lemma positive_distribution_chartB: "x \<in> SigmaB \<Longrightarrow> positive_distribution (length LB) (chartB x)"
  unfolding positive_distribution_def rows_LB by (auto simp: chartB_def SigmaB_def LB_def)

lemma C_infinity_on_branchA:
  assumes "\<forall>j\<in>set js. mixed_sign_column LA j"
  shows "C_infinity_on SigmaA (\<lambda>x. unchartA (ada_steps LA js (chartA x)))"
proof -
  have "(\<lambda>x. ada_steps LA js (chartA x) i) \<in> rational_on SigmaA" if "i \<in> {1..length LA}" for i
    using rational_on_chartA positive_distribution_chartA assms that by (rule rational_on_ada_steps)
  then show ?thesis
    unfolding unchartA_def rows_LA
    by (auto intro!: C_infinity_on_Pair C_infinity_on_rational rational_on_diff rational_on.const)
qed

lemma C_infinity_on_branchB:
  assumes "\<forall>j\<in>set js. mixed_sign_column LB j"
  shows "C_infinity_on SigmaB (\<lambda>x. unchartB (ada_steps LB js (chartB x)))"
proof -
  have "(\<lambda>x. ada_steps LB js (chartB x) i) \<in> rational_on SigmaB" if "i \<in> {1..length LB}" for i
    using rational_on_chartB positive_distribution_chartB assms that by (rule rational_on_ada_steps)
  then show ?thesis
    unfolding unchartB_def rows_LB
    by (auto intro!: C_infinity_on_Pair C_infinity_on_rational rational_on_diff rational_on.const)
qed

lemma QA_pos:
  assumes "(p, d) \<in> SigmaA"
  shows "0 < QA p d"
proof -
  define x y z w where "x = p - 1/2" and "y = 1 - p" and "z = 1/2 - d" and "w = d"
  have "0 < x" "0 < y" "0 < z" "0 < w"
    using assms by (auto simp: SigmaA_def x_def y_def z_def w_def)
  then have "0 < 320*y^4*z^2*w^2 + 192*y^4*z^3*w + 1408*x*y^3*z*w^3 + 4288*x*y^3*z^2*w^2
      + 2688*x*y^3*z^3*w + 320*x*y^3*z^4 + 320*x^2*y^2*w^4 + 6720*x^2*y^2*z*w^3
      + 15744*x^2*y^2*z^2*w^2 + 10304*x^2*y^2*z^3*w + 1728*x^2*y^2*z^4
      + 1088*x^3*y*w^4 + 11136*x^3*y*z*w^3 + 22976*x^3*y*z^2*w^2 + 15488*x^3*y*z^3*w
      + 3072*x^3*y*z^4 + 896*x^4*w^4 + 6336*x^4*z*w^3 + 11968*x^4*z^2*w^2
      + 8192*x^4*z^3*w + 1792*x^4*z^4"
    by (intro add_pos_pos mult_pos_pos zero_less_power) simp_all
  also have "\<dots> = QA p d"
    unfolding QA_def x_def y_def z_def w_def by algebra
  finally show ?thesis .
qed

lemma RA_pos:
  assumes "(p, d) \<in> SigmaA"
  shows "0 < RA p d"
proof -
  define x y z w where "x = p - 1/2" and "y = 1 - p" and "z = 1/2 - d" and "w = d"
  have "0 < x" "0 < y" "0 < z" "0 < w"
    using assms by (auto simp: SigmaA_def x_def y_def z_def w_def)
  then have "0 < 320*y^4*z^2*w^2 + 192*y^4*z^3*w + 640*x*y^3*z*w^3 + 2624*x*y^3*z^2*w^2
      + 1536*x*y^3*z^3*w + 64*x*y^3*z^4 + 64*x^2*y^2*w^4 + 2624*x^2*y^2*z*w^3
      + 7296*x^2*y^2*z^2*w^2 + 4288*x^2*y^2*z^3*w + 320*x^2*y^2*z^4 + 192*x^3*y*w^4
      + 3584*x^3*y*z*w^3 + 8384*x^3*y*z^2*w^2 + 4992*x^3*y*z^3*w + 512*x^3*y*z^4
      + 128*x^4*w^4 + 1600*x^4*z*w^3 + 3392*x^4*z^2*w^2 + 2048*x^4*z^3*w + 256*x^4*z^4"
    by (intro add_pos_pos mult_pos_pos zero_less_power) simp_all
  also have "\<dots> = RA p d"
    unfolding RA_def x_def y_def z_def w_def by algebra
  finally show ?thesis .
qed

lemma QB_pos:
  assumes "(p, d, e) \<in> SigmaB"
  shows "0 < QB p d e"
proof -
  define x y z w t where "x = p - 1/2" and "y = 1 - p" and "z = 1/2 - d - e" and "w = d" and "t = e"
  have "0 < x" "0 < y" "0 < z" "0 < w" "0 < t"
    using assms by (auto simp: SigmaB_def x_def y_def z_def w_def t_def)
  then have "0 < 448*y^4*z^2*w*t + 320*y^4*z^2*w^2 + 192*y^4*z^3*w + 1408*x*y^3*z*t^3
      + 4480*x*y^3*z*w*t^2 + 4480*x*y^3*z*w^2*t + 1408*x*y^3*z*w^3
      + 2752*x*y^3*z^2*t^2 + 7808*x*y^3*z^2*w*t + 4288*x*y^3*z^2*w^2
      + 1664*x*y^3*z^3*t + 2688*x*y^3*z^3*w + 320*x*y^3*z^4 + 640*x^2*y^2*t^4
      + 2368*x^2*y^2*w*t^3 + 3136*x^2*y^2*w^2*t^2 + 1728*x^2*y^2*w^3*t
      + 320*x^2*y^2*w^4 + 7424*x^2*y^2*z*t^3 + 22592*x^2*y^2*z*w*t^2
      + 21888*x^2*y^2*z*w^2*t + 6720*x^2*y^2*z*w^3 + 13504*x^2*y^2*z^2*t^2
      + 30912*x^2*y^2*z^2*w*t + 15744*x^2*y^2*z^2*w^2 + 8448*x^2*y^2*z^3*t
      + 10304*x^2*y^2*z^3*w + 1728*x^2*y^2*z^4 + 1856*x^3*y*t^4 + 6912*x^3*y*w*t^3
      + 9344*x^3*y*w^2*t^2 + 5376*x^3*y*w^3*t + 1088*x^3*y*w^4 + 12928*x^3*y*z*t^3
      + 38272*x^3*y*z*w*t^2 + 36480*x^3*y*z*w^2*t + 11136*x^3*y*z*w^3
      + 22208*x^3*y*z^2*t^2 + 46720*x^3*y*z^2*w*t + 22976*x^3*y*z^2*w^2
      + 14208*x^3*y*z^3*t + 15488*x^3*y*z^3*w + 3072*x^3*y*z^4 + 1344*x^4*t^4
      + 5056*x^4*w*t^3 + 6976*x^4*w^2*t^2 + 4160*x^4*w^3*t + 896*x^4*w^4
      + 7424*x^4*z*t^3 + 21696*x^4*z*w*t^2 + 20608*x^4*z*w^2*t + 6336*x^4*z*w^3
      + 12224*x^4*z^2*t^2 + 24704*x^4*z^2*w*t + 11968*x^4*z^2*w^2 + 7936*x^4*z^3*t
      + 8192*x^4*z^3*w + 1792*x^4*z^4"
    by (intro add_pos_pos mult_pos_pos zero_less_power) simp_all
  also have "\<dots> = QB p d e"
    unfolding QB_def x_def y_def z_def w_def t_def by algebra
  finally show ?thesis .
qed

──────────

Work to complete ▸
Please transcribe every entry above exactly as it appears.

Response to this exercise ▸
lemma positive_distribution_chartB: "x \<in> SigmaB \<Longrightarrow> positive_distribution (length LB) (chartB x)"
  unfolding positive_distribution_def rows_LB by (auto simp: chartB_def SigmaB_def LB_def)

lemma C_infinity_on_branchA:
  assumes "\<forall>j\<in>set js. mixed_sign_column LA j"
  shows "C_infinity_on SigmaA (\<lambda>x. unchartA (ada_steps LA js (chartA x)))"
proof -
  have "(\<lambda>x. ada_steps LA js (chartA x) i) \<in> rational_on SigmaA" if "i \<in> {1..length LA}" for i
    using rational_on_chartA positive_distribution_chartA assms that by (rule rational_on_ada_steps)
  then show ?thesis
    unfolding unchartA_def rows_LA
    by (auto intro!: C_infinity_on_Pair C_infinity_on_rational rational_on_diff rational_on.const)
qed

lemma C_infinity_on_branchB:
  assumes "\<forall>j\<in>set js. mixed_sign_column LB j"
  shows "C_infinity_on SigmaB (\<lambda>x. unchartB (ada_steps LB js (chartB x)))"
proof -
  have "(\<lambda>x. ada_steps LB js (chartB x) i) \<in> rational_on SigmaB" if "i \<in> {1..length LB}" for i
    using rational_on_chartB positive_distribution_chartB assms that by (rule rational_on_ada_steps)
  then show ?thesis
    unfolding unchartB_def rows_LB
    by (auto intro!: C_infinity_on_Pair C_infinity_on_rational rational_on_diff rational_on.const)
qed

lemma QA_pos:
  assumes "(p, d) \<in> SigmaA"
  shows "0 < QA p d"
proof -
  define x y z w where "x = p - 1/2" and "y = 1 - p" and "z = 1/2 - d" and "w = d"
  have "0 < x" "0 < y" "0 < z" "0 < w"
    using assms by (auto simp: SigmaA_def x_def y_def z_def w_def)
  then have "0 < 320*y^4*z^2*w^2 + 192*y^4*z^3*w + 1408*x*y^3*z*w^3 + 4288*x*y^3*z^2*w^2
      + 2688*x*y^3*z^3*w + 320*x*y^3*z^4 + 320*x^2*y^2*w^4 + 6720*x^2*y^2*z*w^3
      + 15744*x^2*y^2*z^2*w^2 + 10304*x^2*y^2*z^3*w + 1728*x^2*y^2*z^4
      + 1088*x^3*y*w^4 + 11136*x^3*y*z*w^3 + 22976*x^3*y*z^2*w^2 + 15488*x^3*y*z^3*w
      + 3072*x^3*y*z^4 + 896*x^4*w^4 + 6336*x^4*z*w^3 + 11968*x^4*z^2*w^2
      + 8192*x^4*z^3*w + 1792*x^4*z^4"
    by (intro add_pos_pos mult_pos_pos zero_less_power) simp_all
  also have "\<dots> = QA p d"
    unfolding QA_def x_def y_def z_def w_def by algebra
  finally show ?thesis .
qed

lemma RA_pos:
  assumes "(p, d) \<in> SigmaA"
  shows "0 < RA p d"
proof -
  define x y z w where "x = p - 1/2" and "y = 1 - p" and "z = 1/2 - d" and "w = d"
  have "0 < x" "0 < y" "0 < z" "0 < w"
    using assms by (auto simp: SigmaA_def x_def y_def z_def w_def)
  then have "0 < 320*y^4*z^2*w^2 + 192*y^4*z^3*w + 640*x*y^3*z*w^3 + 2624*x*y^3*z^2*w^2
      + 1536*x*y^3*z^3*w + 64*x*y^3*z^4 + 64*x^2*y^2*w^4 + 2624*x^2*y^2*z*w^3
      + 7296*x^2*y^2*z^2*w^2 + 4288*x^2*y^2*z^3*w + 320*x^2*y^2*z^4 + 192*x^3*y*w^4
      + 3584*x^3*y*z*w^3 + 8384*x^3*y*z^2*w^2 + 4992*x^3*y*z^3*w + 512*x^3*y*z^4
      + 128*x^4*w^4 + 1600*x^4*z*w^3 + 3392*x^4*z^2*w^2 + 2048*x^4*z^3*w + 256*x^4*z^4"
    by (intro add_pos_pos mult_pos_pos zero_less_power) simp_all
  also have "\<dots> = RA p d"
    unfolding RA_def x_def y_def z_def w_def by algebra
  finally show ?thesis .
qed

lemma QB_pos:
  assumes "(p, d, e) \<in> SigmaB"
  shows "0 < QB p d e"
proof -
  define x y z w t where "x = p - 1/2" and "y = 1 - p" and "z = 1/2 - d - e" and "w = d" and "t = e"
  have "0 < x" "0 < y" "0 < z" "0 < w" "0 < t"
    using assms by (auto simp: SigmaB_def x_def y_def z_def w_def t_def)
  then have "0 < 448*y^4*z^2*w*t + 320*y^4*z^2*w^2 + 192*y^4*z^3*w + 1408*x*y^3*z*t^3
      + 4480*x*y^3*z*w*t^2 + 4480*x*y^3*z*w^2*t + 1408*x*y^3*z*w^3
      + 2752*x*y^3*z^2*t^2 + 7808*x*y^3*z^2*w*t + 4288*x*y^3*z^2*w^2
      + 1664*x*y^3*z^3*t + 2688*x*y^3*z^3*w + 320*x*y^3*z^4 + 640*x^2*y^2*t^4
      + 2368*x^2*y^2*w*t^3 + 3136*x^2*y^2*w^2*t^2 + 1728*x^2*y^2*w^3*t
      + 320*x^2*y^2*w^4 + 7424*x^2*y^2*z*t^3 + 22592*x^2*y^2*z*w*t^2
      + 21888*x^2*y^2*z*w^2*t + 6720*x^2*y^2*z*w^3 + 13504*x^2*y^2*z^2*t^2
      + 30912*x^2*y^2*z^2*w*t + 15744*x^2*y^2*z^2*w^2 + 8448*x^2*y^2*z^3*t
      + 10304*x^2*y^2*z^3*w + 1728*x^2*y^2*z^4 + 1856*x^3*y*t^4 + 6912*x^3*y*w*t^3
      + 9344*x^3*y*w^2*t^2 + 5376*x^3*y*w^3*t + 1088*x^3*y*w^4 + 12928*x^3*y*z*t^3
      + 38272*x^3*y*z*w*t^2 + 36480*x^3*y*z*w^2*t + 11136*x^3*y*z*w^3
      + 22208*x^3*y*z^2*t^2 + 46720*x^3*y*z^2*w*t + 22976*x^3*y*z^2*w^2
      + 14208*x^3*y*z^3*t + 15488*x^3*y*z^3*w + 3072*x^3*y*z^4 + 1344*x^4*t^4
      + 5056*x^4*w*t^3 + 6976*x^4*w^2*t^2 + 4160*x^4*w^3*t + 896*x^4*w^4
      + 7424*x^4*z*t^3 + 21696*x^4*z*w*t^2 + 20608*x^4*z*w^2*t + 6336*x^4*z*w^3
      + 12224*x^4*z^2*t^2 + 24704*x^4*z^2*w*t + 11968*x^4*z^2*w^2 + 7936*x^4*z^3*t
      + 8192*x^4*z^3*w + 1792*x^4*z^4"
    by (intro add_pos_pos mult_pos_pos zero_less_power) simp_all
  also have "\<dots> = QB p d e"
    unfolding QB_def x_def y_def z_def w_def t_def by algebra
  finally show ?thesis .
qed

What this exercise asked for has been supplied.